Requirement:
Extract all of the entries and give them again, word for word.

Stored items:
+ + + + + + +
lemma word_dist_gt_if_pivot_key_ne:
  assumes g: "g \<in> G" and h: "h \<in> G" and level: "level scale g = level scale h" "level scale g \<noteq> 0"
    and stem: "stem scale g = stem scale h" and colour: "colour g = colour h"
    and pivot: "letter_key (pivot scale g) \<noteq> letter_key (pivot scale h)"
  shows "R (colour g) < word_dist g h"
proof -
  let ?x = "pivot scale g" and ?y = "pivot scale h"
  have h0: "level scale h \<noteq> 0" using level by simp
  note dg = stem_pivot_decomposition[OF scale_pos g level(2)]
  note dh = stem_pivot_decomposition[OF scale_pos h h0]
  have dist: "word_dist g h = letter_dist ?x ?y + word_norm (tail scale g) + word_norm (tail scale h)"
    using word_dist_same_stem[OF scale_pos g h level(2) h0 stem] pivot by auto
  have tails: "0 \<le> word_norm (tail scale g)" "0 \<le> word_norm (tail scale h)"
    using word_norm_nonneg dg(4) dh(4) by blast+
  show ?thesis
  proof (cases "isl ?x = isl ?y")
    case False
    then have "letter_dist ?x ?y = letter_norm ?x + letter_norm ?y" by (rule letter_dist_other_factor)
    then show ?thesis
      using dist tails dg(6) letter_norm_nonneg[OF dh(3)] R_colour_less[OF g] by linarith
  next
    case True
    have "letter_colour ?x = letter_colour ?y" using colour level by (simp add: colour_def)
    then have "R (2 * letter_colour ?x + 1) < letter_dist ?x ?y"
      using letter_key_separated[OF dg(3) dh(3) True] pivot by blast
    moreover have "R (colour g) \<le> R (2 * letter_colour ?x + 1)"
      using R_mono level by (auto simp: colour_def mono_def)
    ultimately show ?thesis using dist tails by linarith
  qed
qed

lemma word_dist_gt_if_key_ne:
  assumes g: "g \<in> G" and h: "h \<in> G" and colour: "colour g = colour h" and key: "key g \<noteq> key h"
  shows "R (colour g) < word_dist g h"
proof -
  have R_less: "R (colour g) < scale / 2" using R_colour_less[OF g] .
  consider "level scale g \<noteq> level scale h"
    | "level scale g = level scale h" "level scale g \<noteq> 0" "stem scale g \<noteq> stem scale h"
    | "level scale g = level scale h" "level scale g \<noteq> 0" "stem scale g = stem scale h"
        "letter_key (pivot scale g) \<noteq> letter_key (pivot scale h)"
    using key by (auto simp: key_def split: if_splits)
  then show ?thesis
  proof cases
    case 1
    moreover have "level scale g mod 2 = level scale h mod 2" using colour colour_mod_2 by metis
    ultimately show ?thesis
      using word_dist_gt_if_level_ne[OF scale_pos g h] R_less scale_pos by fastforce
  next
    case 2
    then show ?thesis using word_dist_ge_if_stem_ne[OF scale_pos g h] R_less by fastforce
  next
    case 3
    then show ?thesis using word_dist_gt_if_pivot_key_ne[OF g h _ _ _ colour] by blast
  qed
qed

lemma prop_C_colouring_free_product:
  "prop_C_colouring G (fp_dist A B dA dB) R (2 * n) (3 * scale + D) colour key"
  unfolding prop_C_colouring_def
  using colour_less word_dist_le_if_key_eq word_dist_gt_if_key_ne by (simp add: fp_dist_eq_word_dist)

end

context free_product_metric
begin

lemma free_product_colouring_of_factors:
  assumes R: "\<forall>i. 0 < R i" "mono R"
    and A: "prop_C_colouring (carrier A) dA (\<lambda>i. R (2 * i + 1)) nA DA cA kA" "0 \<le> DA"
    and B: "prop_C_colouring (carrier B) dB (\<lambda>i. R (2 * i + 1)) nB DB cB kB" "0 \<le> DB"
  shows "free_product_colouring A B dA dB R (max nA nB) (max DA DB) (case_sum cA cB) (map_sum kA kB)"
proof (intro free_product_colouring.intro free_product_colouring_axioms.intro)
  show "free_product_metric A B dA dB" by (rule free_product_metric_axioms)
  show "0 < max nA nB"
    using A(1) group.is_monoid[OF group_A] monoid.one_closed unfolding prop_C_colouring_def by fastforce
  fix x y
  assume x: "letter_ok A B x" and y: "letter_ok A B y"
  show "case_sum cA cB x < max nA nB"
    using x A(1) B(1) by (cases x) (auto simp: letter_ok_def prop_C_colouring_def less_max_iff_disj)
  show "map_sum kA kB x = map_sum kA kB y \<Longrightarrow> letter_dist x y \<le> max DA DB"
    using x y A(1) B(1)
    by (cases x; cases y) (auto simp: letter_ok_def prop_C_colouring_def letter_dist_def le_max_iff_disj)
  show "isl x = isl y \<Longrightarrow> case_sum cA cB x = case_sum cA cB y \<Longrightarrow> map_sum kA kB x \<noteq> map_sum kA kB y \<Longrightarrow>
      R (2 * case_sum cA cB x + 1) < letter_dist x y"
    using x y A(1) B(1)
    by (cases x; cases y) (auto simp: letter_ok_def prop_C_colouring_def letter_dist_def)
qed (use R A B in auto)

lemma asym_property_C_free_product:
  assumes "asym_property_C (carrier A) dA" "asym_property_C (carrier B) dB"
  shows "asym_property_C G (fp_dist A B dA dB)"
proof (rule asym_property_C_if_colourings)
  fix R :: "nat \<Rightarrow> real"
  assume R: "\<forall>i. 0 < R i" "mono R"
  then have R': "\<forall>i. 0 < R (2 * i + 1)" "mono (\<lambda>i. R (2 * i + 1))"
    by (auto simp: mono_def)
  obtain nA DA cA and kA :: "'a \<Rightarrow> 'a set"
    where A: "prop_C_colouring (carrier A) dA (\<lambda>i. R (2 * i + 1)) nA DA cA kA" "0 \<le> DA"
    by (rule colouring_if_asym_property_C[OF assms(1) R'])
  obtain nB DB cB and kB :: "'b \<Rightarrow> 'b set"
    where B: "prop_C_colouring (carrier B) dB (\<lambda>i. R (2 * i + 1)) nB DB cB kB" "0 \<le> DB"
    by (rule colouring_if_asym_property_C[OF assms(2) R'])
  interpret free_product_colouring A B dA dB R "max nA nB" "max DA DB" "case_sum cA cB" "map_sum kA kB"
    using free_product_colouring_of_factors[OF R A B] .
  show "\<exists>n D colour (key :: ('a + 'b) list \<Rightarrow> (nat \<times> ('a + 'b) list \<times> ('a set + 'b set)) option).
      prop_C_colouring G (fp_dist A B dA dB) R n D colour key"
    using prop_C_colouring_free_product by blast
qed

end

theorem theorem4p4:
  fixes A :: "('a, 'm) monoid_scheme" and B :: "('b, 'n) monoid_scheme"
    and dA :: "'a \<Rightarrow> 'a \<Rightarrow> real" and dB :: "'b \<Rightarrow> 'b \<Rightarrow> real"
  assumes "group A" and "group B"
    and "countable (carrier A)" and "countable (carrier B)"
    and "metric_on (carrier A) dA" and "metric_on (carrier B) dB"
    and "left_invariant A dA" and "left_invariant B dB"
    and "proper_metric (carrier A) dA" and "proper_metric (carrier B) dB"
    and "asym_property_C (carrier A) dA" and "asym_property_C (carrier B) dB"
  shows "asym_property_C (fp_carrier A B) (fp_dist A B dA dB)"
proof -
  interpret free_product_metric A B dA dB
    by (rule free_product_metric.intro) (fact assms)+
  show ?thesis using asym_property_C_free_product assms(11,12) .
qed

end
+ + + + + + +
Exercise answer:
lemma word_dist_gt_if_pivot_key_ne:
  assumes g: "g \<in> G" and h: "h \<in> G" and level: "level scale g = level scale h" "level scale g \<noteq> 0"
    and stem: "stem scale g = stem scale h" and colour: "colour g = colour h"
    and pivot: "letter_key (pivot scale g) \<noteq> letter_key (pivot scale h)"
  shows "R (colour g) < word_dist g h"
proof -
  let ?x = "pivot scale g" and ?y = "pivot scale h"
  have h0: "level scale h \<noteq> 0" using level by simp
  note dg = stem_pivot_decomposition[OF scale_pos g level(2)]
  note dh = stem_pivot_decomposition[OF scale_pos h h0]
  have dist: "word_dist g h = letter_dist ?x ?y + word_norm (tail scale g) + word_norm (tail scale h)"
    using word_dist_same_stem[OF scale_pos g h level(2) h0 stem] pivot by auto
  have tails: "0 \<le> word_norm (tail scale g)" "0 \<le> word_norm (tail scale h)"
    using word_norm_nonneg dg(4) dh(4) by blast+
  show ?thesis
  proof (cases "isl ?x = isl ?y")
    case False
    then have "letter_dist ?x ?y = letter_norm ?x + letter_norm ?y" by (rule letter_dist_other_factor)
    then show ?thesis
      using dist tails dg(6) letter_norm_nonneg[OF dh(3)] R_colour_less[OF g] by linarith
  next
    case True
    have "letter_colour ?x = letter_colour ?y" using colour level by (simp add: colour_def)
    then have "R (2 * letter_colour ?x + 1) < letter_dist ?x ?y"
      using letter_key_separated[OF dg(3) dh(3) True] pivot by blast
    moreover have "R (colour g) \<le> R (2 * letter_colour ?x + 1)"
      using R_mono level by (auto simp: colour_def mono_def)
    ultimately show ?thesis using dist tails by linarith
  qed
qed

lemma word_dist_gt_if_key_ne:
  assumes g: "g \<in> G" and h: "h \<in> G" and colour: "colour g = colour h" and key: "key g \<noteq> key h"
  shows "R (colour g) < word_dist g h"
proof -
  have R_less: "R (colour g) < scale / 2" using R_colour_less[OF g] .
  consider "level scale g \<noteq> level scale h"
    | "level scale g = level scale h" "level scale g \<noteq> 0" "stem scale g \<noteq> stem scale h"
    | "level scale g = level scale h" "level scale g \<noteq> 0" "stem scale g = stem scale h"
        "letter_key (pivot scale g) \<noteq> letter_key (pivot scale h)"
    using key by (auto simp: key_def split: if_splits)
  then show ?thesis
  proof cases
    case 1
    moreover have "level scale g mod 2 = level scale h mod 2" using colour colour_mod_2 by metis
    ultimately show ?thesis
      using word_dist_gt_if_level_ne[OF scale_pos g h] R_less scale_pos by fastforce
  next
    case 2
    then show ?thesis using word_dist_ge_if_stem_ne[OF scale_pos g h] R_less by fastforce
  next
    case 3
    then show ?thesis using word_dist_gt_if_pivot_key_ne[OF g h _ _ _ colour] by blast
  qed
qed

lemma prop_C_colouring_free_product:
  "prop_C_colouring G (fp_dist A B dA dB) R (2 * n) (3 * scale + D) colour key"
  unfolding prop_C_colouring_def
  using colour_less word_dist_le_if_key_eq word_dist_gt_if_key_ne by (simp add: fp_dist_eq_word_dist)

end

context free_product_metric
begin

lemma free_product_colouring_of_factors:
  assumes R: "\<forall>i. 0 < R i" "mono R"
    and A: "prop_C_colouring (carrier A) dA (\<lambda>i. R (2 * i + 1)) nA DA cA kA" "0 \<le> DA"
    and B: "prop_C_colouring (carrier B) dB (\<lambda>i. R (2 * i + 1)) nB DB cB kB" "0 \<le> DB"
  shows "free_product_colouring A B dA dB R (max nA nB) (max DA DB) (case_sum cA cB) (map_sum kA kB)"
proof (intro free_product_colouring.intro free_product_colouring_axioms.intro)
  show "free_product_metric A B dA dB" by (rule free_product_metric_axioms)
  show "0 < max nA nB"
    using A(1) group.is_monoid[OF group_A] monoid.one_closed unfolding prop_C_colouring_def by fastforce
  fix x y
  assume x: "letter_ok A B x" and y: "letter_ok A B y"
  show "case_sum cA cB x < max nA nB"
    using x A(1) B(1) by (cases x) (auto simp: letter_ok_def prop_C_colouring_def less_max_iff_disj)
  show "map_sum kA kB x = map_sum kA kB y \<Longrightarrow> letter_dist x y \<le> max DA DB"
    using x y A(1) B(1)
    by (cases x; cases y) (auto simp: letter_ok_def prop_C_colouring_def letter_dist_def le_max_iff_disj)
  show "isl x = isl y \<Longrightarrow> case_sum cA cB x = case_sum cA cB y \<Longrightarrow> map_sum kA kB x \<noteq> map_sum kA kB y \<Longrightarrow>
      R (2 * case_sum cA cB x + 1) < letter_dist x y"
    using x y A(1) B(1)
    by (cases x; cases y) (auto simp: letter_ok_def prop_C_colouring_def letter_dist_def)
qed (use R A B in auto)

lemma asym_property_C_free_product:
  assumes "asym_property_C (carrier A) dA" "asym_property_C (carrier B) dB"
  shows "asym_property_C G (fp_dist A B dA dB)"
proof (rule asym_property_C_if_colourings)
  fix R :: "nat \<Rightarrow> real"
  assume R: "\<forall>i. 0 < R i" "mono R"
  then have R': "\<forall>i. 0 < R (2 * i + 1)" "mono (\<lambda>i. R (2 * i + 1))"
    by (auto simp: mono_def)
  obtain nA DA cA and kA :: "'a \<Rightarrow> 'a set"
    where A: "prop_C_colouring (carrier A) dA (\<lambda>i. R (2 * i + 1)) nA DA cA kA" "0 \<le> DA"
    by (rule colouring_if_asym_property_C[OF assms(1) R'])
  obtain nB DB cB and kB :: "'b \<Rightarrow> 'b set"
    where B: "prop_C_colouring (carrier B) dB (\<lambda>i. R (2 * i + 1)) nB DB cB kB" "0 \<le> DB"
    by (rule colouring_if_asym_property_C[OF assms(2) R'])
  interpret free_product_colouring A B dA dB R "max nA nB" "max DA DB" "case_sum cA cB" "map_sum kA kB"
    using free_product_colouring_of_factors[OF R A B] .
  show "\<exists>n D colour (key :: ('a + 'b) list \<Rightarrow> (nat \<times> ('a + 'b) list \<times> ('a set + 'b set)) option).
      prop_C_colouring G (fp_dist A B dA dB) R n D colour key"
    using prop_C_colouring_free_product by blast
qed

end

theorem theorem4p4:
  fixes A :: "('a, 'm) monoid_scheme" and B :: "('b, 'n) monoid_scheme"
    and dA :: "'a \<Rightarrow> 'a \<Rightarrow> real" and dB :: "'b \<Rightarrow> 'b \<Rightarrow> real"
  assumes "group A" and "group B"
    and "countable (carrier A)" and "countable (carrier B)"
    and "metric_on (carrier A) dA" and "metric_on (carrier B) dB"
    and "left_invariant A dA" and "left_invariant B dB"
    and "proper_metric (carrier A) dA" and "proper_metric (carrier B) dB"
    and "asym_property_C (carrier A) dA" and "asym_property_C (carrier B) dB"
  shows "asym_property_C (fp_carrier A B) (fp_dist A B dA dB)"
proof -
  interpret free_product_metric A B dA dB
    by (rule free_product_metric.intro) (fact assms)+
  show ?thesis using asym_property_C_free_product assms(11,12) .
qed

end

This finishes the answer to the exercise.